La femme du gérant a été interrogé lors de l’enquête et a raconté que son mari lui avait dit « moins tu en sais et mieux c’est ». « Là, on évolue vers le côté mafieux du scénario » commente Jean-Louis Rey, procureur de la République. « Je ne voulais pas la mêler à ça, je ne savais pas d’où les bouteilles venaient mais je me doutais de l’origine frauduleuse », réagit le prévenu.

Sur les 3771 bouteilles volées au total, le tribunal a du mal à établir combien sont passées entre les mains de Bernard Martinez : « quand on fait les comptes, il y a toujours des caisses qui s’envolent », observe le président du tribunal. Les deux clients du gérant, les seuls selon lui, Thomas Jeulin et Guillaume Braillon, deux quadragénaires professeurs des écoles dans le Tarn-et-Garonne, estiment qu’ils lui ont acheté 310 bouteilles, pour 66.000 euros. : « On n’a jamais parlé de l’origine mais compte tenu des prix, ils se doutaient que c’était volé », assure Bernard Martinez.

Deux professeurs des écoles passionnés par le vin

Les deux professeurs des écoles ne voient pas du tout les choses de cette façon.
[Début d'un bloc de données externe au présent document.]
lemma exchange_in_support_eq:
  assumes eq: "length J = length L"
  obtains x y where "x \<in> X - Y" "y \<in> Y - X" "x \<notin> Q" "card (P - set L) = 1"
    "admissible h (length J) (insert y (X - {x}))" "admissible h (length L) (insert x (Y - {y}))"
    "insert y (X - {x}) \<noteq> Y"
proof -
  obtain q where q: "q \<in> Q - set L" using tail_not_in_L eq by auto
  then have Q1: "1 \<le> card (Q - set L)" by (auto simp: Suc_le_eq card_gt_0_iff)
  then have two: "2 \<le> card (X - Y)" using card_diff_X_Y one_le_card_head_diff by simp
  have "q \<in> X - Y" using q X_Int_Y Q_subset_X by auto
  then obtain x y where x: "x \<in> X - Y" "x \<noteq> q" and y: "y \<in> Y - X" and c2: "card (X - Y) = 2"
    and adm: "admissible h (length J) (insert y (X - {x}))" "admissible h (length J) (insert x (Y - {y}))"
    by (rule admissible_exchange_eq[OF finite_X card_X admissible_X finite_Y
          card_Y[folded eq] admissible_Y[folded eq] two])
  have "card (P - set L) = 1" "card (Q - set L) = 1"
    using card_diff_X_Y c2 one_le_card_head_diff Q1 by auto
  moreover have "x \<notin> Q"
  proof
    assume "x \<in> Q"
    then have "x \<in> Q - set L" using x tail_Int_L_subset_Y by auto
    then show False using \<open>card (Q - set L) = 1\<close> q x(2) by (metis card_1_singletonE singletonD)
  qed
  moreover have "insert y (X - {x}) \<noteq> Y"
  proof
    assume "insert y (X - {x}) = Y"
    then have "X - Y \<subseteq> {x}" by auto
    then show False using c2 card_mono[of "{x}" "X - Y"] by simp
  qed
  ultimately show ?thesis using that x y adm eq by simp
qed

lemma exchange_in_support:
  obtains x y where "x \<in> X - Y" "y \<in> Y - X" "x \<notin> Q" "card (P - set L) = 1"
    "admissible h (length J) (insert y (X - {x}))" "admissible h (length L) (insert x (Y - {y}))"
    "length J = length L \<or> length L \<le> y" "insert y (X - {x}) \<noteq> Y"
proof (cases "length J < length L")
  case True
  then show ?thesis using exchange_in_support_less that by metis
next
  case False
  then have "length J = length L" using length_J_le by simp
  then show ?thesis using exchange_in_support_eq that by metis
qed

lemma lighter_admissible_exchange:
  obtains X1 Y1 where "{#X1, Y1#} \<noteq> {#X, Y#}" "R {#X1, Y1#} \<noteq> 0"
    "wmono n {#X1, Y1#} \<le> wmono n {#X, Y#}"
    "X1 \<subseteq> set J \<union> set L" "card X1 = length J" "admissible h (length J) X1"
    "Y1 \<subseteq> set J \<union> set L" "card Y1 = length L" "admissible h (length L) Y1"
proof -
  obtain x y where x: "x \<in> X - Y" and y: "y \<in> Y - X" and "x \<notin> Q" "card (P - set L) = 1"
    and adm: "admissible h (length J) (insert y (X - {x}))" "admissible h (length L) (insert x (Y - {y}))"
    and w: "length J = length L \<or> length L \<le> y" and ne: "insert y (X - {x}) \<noteq> Y"
    by (rule exchange_in_support)
  define X1 where "X1 = insert y (X - {x})"
  define Y1 where "Y1 = insert x (Y - {y})"
  have cards: "card X1 = length J" "card Y1 = length L"
    using card_exchange[OF finite_X, of x y] card_exchange[OF finite_Y, of y x] x y card_X card_Y
    unfolding X1_def Y1_def by simp_all
  have W1: "X1 \<subseteq> set J \<union> set L" "Y1 \<subseteq> set J \<union> set L"
    using X_Un_Y x y unfolding X1_def Y1_def by blast+
  have "Y1 = (set J \<union> set L - X1) \<union> (set J \<inter> set L)"
    using X_Int_Y X_Un_Y x y unfolding X1_def Y1_def by blast
  moreover have "set J \<inter> set L \<subseteq> X1" "Q \<subseteq> X1"
    using X_Int_Y Q_subset_X x y \<open>x \<notin> Q\<close> unfolding X1_def by blast+
  ultimately have "R {#X1, Y1#} \<noteq> 0"
    using plucker_rel_nonzero_pair[OF head_not_in_L tail_not_in_L \<open>card (P - set L) = 1\<close> _ _ W1(1)
        cards(1)] by simp
  moreover have "{#X1, Y1#} \<noteq> {#X, Y#}"
    using ne y unfolding X1_def add_mset_pair_eq_iff by auto
  moreover have "wmono n {#X1, Y1#} \<le> wmono n {#X, Y#}"
    unfolding X1_def Y1_def
    by (rule wmono_exchange_le[OF finite_X finite_Y x y]) (use card_X card_Y length_J_le w in auto)
  ultimately show ?thesis using that W1 cards adm unfolding X1_def Y1_def by blast
qed

end

lemma exists_lighter_allowed_monomial:
  assumes n: "set J \<union> set L \<subseteq> {1..n}" "length L < n" and h: "1 \<le> h" "h < n"
    and R0: "R m0 \<noteq> 0" and allowed0: "\<forall>I\<in>#m0. gale_le I ((cox n \<circ> sref h) ` {1..card I})"
  obtains m1 where "m1 \<noteq> m0" "R m1 \<noteq> 0" "wmono n m1 \<le> wmono n m0"
    "\<forall>I\<in>#m1. gale_le I ((cox n \<circ> sref h) ` {1..card I})"
proof -
  have head: "\<not> P \<subseteq> set L" using plucker_rel_vanishes_if_head_in_L R0 by blast
  have tail: "\<not> (length J = length L \<and> Q \<subseteq> set L)"
    using plucker_rel_vanishes_if_tail_in_L R0 by blast
  obtain X Y where m0: "m0 = {#X, Y#}" and XY: "card X = length J" "card Y = length L"
    "X \<inter> Y = set J \<inter> set L" "X \<union> Y = set J \<union> set L" "Q \<subseteq> X"
    using plucker_rel_support[OF R0] by blast
  have gale_iff: "gale_le I ((cox n \<circ> sref h) ` {1..card I}) \<longleftrightarrow> admissible h (card I) I"
    if "I \<subseteq> set J \<union> set L" "card I = length J \<or> card I = length L" for I
  proof -
    have "I \<subseteq> {1..n}" using that(1) n(1) by blast
    moreover have "1 \<le> card I" "card I < n" using that(2) n(2) k_pos k_le_length_J length_J_le by auto
    ultimately show ?thesis by (rule gale_le_cox_sref_iff[OF h])
  qed
  have W: "X \<subseteq> set J \<union> set L" "Y \<subseteq> set J \<union> set L" using XY(4) by auto
  have adm: "admissible h (length J) X" "admissible h (length L) Y"
    using allowed0 gale_iff[OF W(1)] gale_iff[OF W(2)] XY(1,2) by (simp_all add: m0)
  have pos: "0 \<notin> set J \<union> set L" using n by auto
  obtain X1 Y1 where "{#X1, Y1#} \<noteq> {#X, Y#}" "R {#X1, Y1#} \<noteq> 0"
    "wmono n {#X1, Y1#} \<le> wmono n {#X, Y#}"
    and X1: "X1 \<subseteq> set J \<union> set L" "card X1 = length J" "admissible h (length J) X1"
    and Y1: "Y1 \<subseteq> set J \<union> set L" "card Y1 = length L" "admissible h (length L) Y1"
    by (rule lighter_admissible_exchange[OF head tail XY pos adm])
  moreover have "\<forall>I\<in>#{#X1, Y1#}. gale_le I ((cox n \<circ> sref h) ` {1..card I})"
    using gale_iff[OF X1(1)] gale_iff[OF Y1(1)] X1 Y1 by simp
  ultimately show ?thesis using that m0 by blast
qed

end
Thomas Jeulin raconte qu’ils nourrissent une passion commune pour le vin et décident à partir de 2012 de réaliser des achats de crus sur internet et de revendre. En septembre 2013, ils pensent même à monter une entreprise commerciale, car ils estiment être confrontés à beaucoup de difficultés dans leur métier.
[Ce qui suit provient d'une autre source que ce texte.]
theorem mainTheorem11:
  fixes n N k :: nat
    and S :: "nat \<Rightarrow> nat set"
    and f :: "nat \<Rightarrow> 'a::field"
  assumes "\<forall>i\<in>{1..n}. S i \<subseteq> {1..N}"
    and "k \<ge> 1"
    and "CHAR('a) = 2"
    and "infinite (UNIV :: 'a set) \<or> N \<le> card (UNIV :: 'a set)"
    and "inj_on f {1..N}"
  shows "(\<exists>T\<subseteq>{1..n}. (\<forall>i\<in>T. \<forall>j\<in>T. i \<noteq> j \<longrightarrow> S i \<inter> S j = {})
              \<and> card (\<Union>i\<in>T. S i) = k)
         \<longleftrightarrow> gen_prod k n f S {1..k} \<noteq> 0"
proof -
  \<comment> \<open>The bound on \<open>|F|\<close> already follows from the injectivity of \<open>f\<close>, and \<open>k = 0\<close> would be
    harmless.\<close>
  have two: "(2::'a) = 0"
    using assms(3) of_nat_CHAR[where 'a='a] by simp
  have "inj_on subset_monomial (Pow {1..n})"
    by (rule inj_on_subset[OF inj_on_subset_monomial]) (auto intro: finite_subset)
  then have "gen_prod k n f S {1..k} \<noteq> 0 \<longleftrightarrow> (\<exists>T\<in>Pow {1..n}. family_coeff k n f S T \<noteq> 0)"
    unfolding gen_prod_eq_sum_monomials[OF two] by (subst sum_single_eq_0_iff) auto
  then show ?thesis
    using family_coeff_neq_0_iff[OF two assms(1) assms(5)] by auto
qed

end
lemma hamming_eigen_slice_sum:
  assumes "hamming_eigen (Suc n) q \<mu> f"
  shows "hamming_eigen n q (\<mu> + 1 - real q) (\<lambda>z. \<Sum>b<q. f (z(n := b)))"
  unfolding hamming_eigen_def
proof
  fix y assume y: "y \<in> hamming_vertices n q"
  have "hamming_adj_op n q (\<lambda>z. \<Sum>b<q. f (z(n := b))) y =
      (\<Sum>b<q. hamming_adj_op n q (\<lambda>z. f (z(n := b))) y)"
    unfolding hamming_adj_op_def by (rule sum.swap)
  also have "\<dots> = (\<Sum>b<q. (\<mu> + 1) * f (y(n := b)) - (\<Sum>b<q. f (y(n := b))))"
    using hamming_eigen_slice[OF assms y] by (intro sum.cong) auto
  also have "\<dots> = (\<mu> + 1) * (\<Sum>b<q. f (y(n := b))) - real q * (\<Sum>b<q. f (y(n := b)))"
    by (simp add: sum_subtractf sum_distrib_left)
  also have "\<dots> = (\<mu> + 1 - real q) * (\<Sum>b<q. f (y(n := b)))"
    by (simp add: left_diff_distrib)
  finally show "hamming_adj_op n q (\<lambda>z. \<Sum>b<q. f (z(n := b))) y =
      (\<mu> + 1 - real q) * (\<Sum>b<q. f (y(n := b)))" .
qed

lemma hamming_eigen_slice_invariant:
  assumes f: "hamming_eigen (Suc n) q \<mu> f" and q: "0 < q"
    and inv: "\<And>y a. y \<in> hamming_vertices n q \<Longrightarrow> a < q \<Longrightarrow> f (y(n := a)) = f (y(n := 0))"
  shows "hamming_eigen n q (\<mu> + 1 - real q) (\<lambda>z. f (z(n := 0)))"
proof (rule hamming_eigen_cong)
  show "hamming_eigen n q (\<mu> + 1 - real q) (\<lambda>z. 1 / real q * (\<Sum>b<q. f (z(n := b))))"
    using hamming_eigen_slice_sum[OF f] by (rule hamming_eigen_scale)
  show "1 / real q * (\<Sum>b<q. f (z(n := b))) = f (z(n := 0))" if "z \<in> hamming_vertices n q" for z
  proof -
    have "(\<Sum>b<q. f (z(n := b))) = (\<Sum>b<q. f (z(n := 0)))"
      by (intro sum.cong refl inv[OF that]) simp
    then show ?thesis using q by simp
  qed
qed

lemma hamming_eigen_ge_top_const:
  assumes q: "0 < q"
  shows "hamming_eigen n q \<mu> f \<Longrightarrow> real n * (real q - 1) \<le> \<mu> \<Longrightarrow>
    \<exists>c. (\<forall>x\<in>hamming_vertices n q. f x = c) \<and> (real n * (real q - 1) < \<mu> \<longrightarrow> c = 0)"
proof (induction n arbitrary: \<mu> f)
  case 0
  have "\<mu> * f (\<lambda>_. 0) = 0"
    using 0(1) unfolding hamming_eigen_def hamming_adj_op_def hamming_adj_def
    by (simp add: hamming_vertices_0)
  then show ?case by (auto simp: hamming_vertices_0)
next
  case (Suc n)
  have inv: "f (y(n := a)) = f (y(n := 0))" if "y \<in> hamming_vertices n q" "a < q" for y a
  proof -
    have "real n * (real q - 1) < \<mu> + 1"
      using Suc.prems(2) q by (simp add: algebra_simps)
    then obtain c where "\<forall>z\<in>hamming_vertices n q. f (z(n := a)) - f (z(n := 0)) = c" "c = 0"
      using Suc.IH[OF hamming_eigen_slice_diff[OF Suc.prems(1) \<open>a < q\<close> q]] by fastforce
    then show ?thesis using that(1) by simp
  qed
  have "real (Suc n) * (real q - 1) = real n * (real q - 1) + real q - 1"
    by (simp add: algebra_simps)
  with Suc.prems(2) obtain c where c: "\<forall>z\<in>hamming_vertices n q. f (z(n := 0)) = c"
    and c0: "real (Suc n) * (real q - 1) < \<mu> \<longrightarrow> c = 0"
    using Suc.IH[OF hamming_eigen_slice_invariant[OF Suc.prems(1) q inv]] by fastforce
  have "f x = c" if "x \<in> hamming_vertices (Suc n) q" for x
    using inv[of "x(n := 0)" "x n"] c[rule_format, of "x(n := 0)"] hamming_vertices_Suc_D[OF that]
    by simp
  with c0 show ?case by blast
qed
Ils achètent leurs premières bouteilles à Martinez, via le Bon Coin, à partir du printemps 2013, portant leur choix sur du Château Yquem, du Lafitte Rotschild et du Smith Haut-Lafitte à des prix proches du quart de la valeur des bouteilles sur le marché. « Vous achèteriez une voiture neuve au quart de sa valeur ? » interroge le président. « Pourquoi pas si c’est un particulier qui la propose », répond le prévenu.

« Comme une addiction, une chasse aux trésors »

« Mais lorsqu’il s’agit de 15 caisses sans facture et avec un paiement en liquide ? », s’étonne le président. Le professeur des écoles met en avant la relation de confiance instaurée avec Bernard Martinez et évoque les bonnes affaires déjà réalisées auprès de particuliers, qui mettent parfois leurs caves personnelles en vente. « C’était un peu comme une addiction, On voyait ça comme une chasse aux trésors. C’était un loisir et on voulait aussi se prouver qu’on était capable de faire autre chose que notre métier », raconte le quadragénaire.

Le professeur des écoles assure qu’il ne soupçonnait pas que la marchandise soit volée jusqu’à ce que son père, alerté par les volumes en jeu, lui fasse « une leçon de morale », l’avertissant qu’il pouvait être accusé de recel. « Et les achats sur un parking ne vous interpellent pas ? » interroge le président du tribunal. « J’en ai pris conscience trop tard », regrette le prévenu.

Le procès se poursuit, ce mercredi, avec les plaidoiries des parties civiles, le Château Haut-Bailly et la société Barrière frères.